= What you should do =
As you look over the data below, please find each line where the word "thesis" appears, then copy it.

Entries taken from a collection
lemma distance_antimagic_cycle_4: "distance_antimagic {0..<4} (cycle_adj 4) ((!) [1, 2, 4, 3]) 5 0"
proof -
  have weight: "vertex_weight {0..<4} (cycle_adj 4) ((!) [1, 2, 4, 3]) i = 5 + int (id i) * 0"
    if "i \<in> {0..<4}" for i
  proof -
    have "i = 0 \<or> i = 1 \<or> i = 2 \<or> i = 3" using that by auto
    then show ?thesis by (auto simp: vertex_weight_cycle_adj cycle_prev_eq cycle_next_eq)
  qed
  have "{0..<4::nat} = {0, 1, 2, 3}" "{1..4::nat} = {1, 2, 3, 4}" by auto
  then have "bij_betw ((!) [1::nat, 2, 4, 3]) {0..<4} {1..4}"
    by (simp add: bij_betw_def inj_on_def insert_commute)
  then show ?thesis
    unfolding distance_antimagic_def mset_map mset_upt
    using image_mset_mset_set_reindex[where A = "{0..<4}" and h = "\<lambda>i. 5 + int i * 0", OF bij_betw_id weight]
    by simp
qed

theorem theorem5:
  fixes n :: nat and d :: int
  assumes "n \<ge> 3" and "d \<ge> 0"
  shows "(\<exists>f a. distance_antimagic {0..<n} (cycle_adj n) f a d) \<longleftrightarrow>
         ((d = 0 \<and> n = 4) \<or> (d = 1 \<and> odd n))"
proof
  assume "\<exists>f a. distance_antimagic {0..<n} (cycle_adj n) f a d"
  then show "(d = 0 \<and> n = 4) \<or> (d = 1 \<and> odd n)"
    using distance_antimagic_cycle_adj_necessary assms by blast
next
  assume "(d = 0 \<and> n = 4) \<or> (d = 1 \<and> odd n)"
  then show "\<exists>f a. distance_antimagic {0..<n} (cycle_adj n) f a d"
  proof
    assume "d = 0 \<and> n = 4"
    then show ?thesis using distance_antimagic_cycle_4 by blast
  next
    assume odd: "d = 1 \<and> odd n"
    then obtain m where n: "n = 2 * m + 1"
      by (auto elim: oddE)
    with assms(1) have "1 \<le> m" by simp
    then show ?thesis
      using distance_antimagic_odd_cycle[of m] n odd by auto
  qed
qed

end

= Your response =
    then show ?thesis by (auto simp: vertex_weight_cycle_adj cycle_prev_eq cycle_next_eq)
  then show ?thesis
    then show ?thesis using distance_antimagic_cycle_4 by blast
    then show ?thesis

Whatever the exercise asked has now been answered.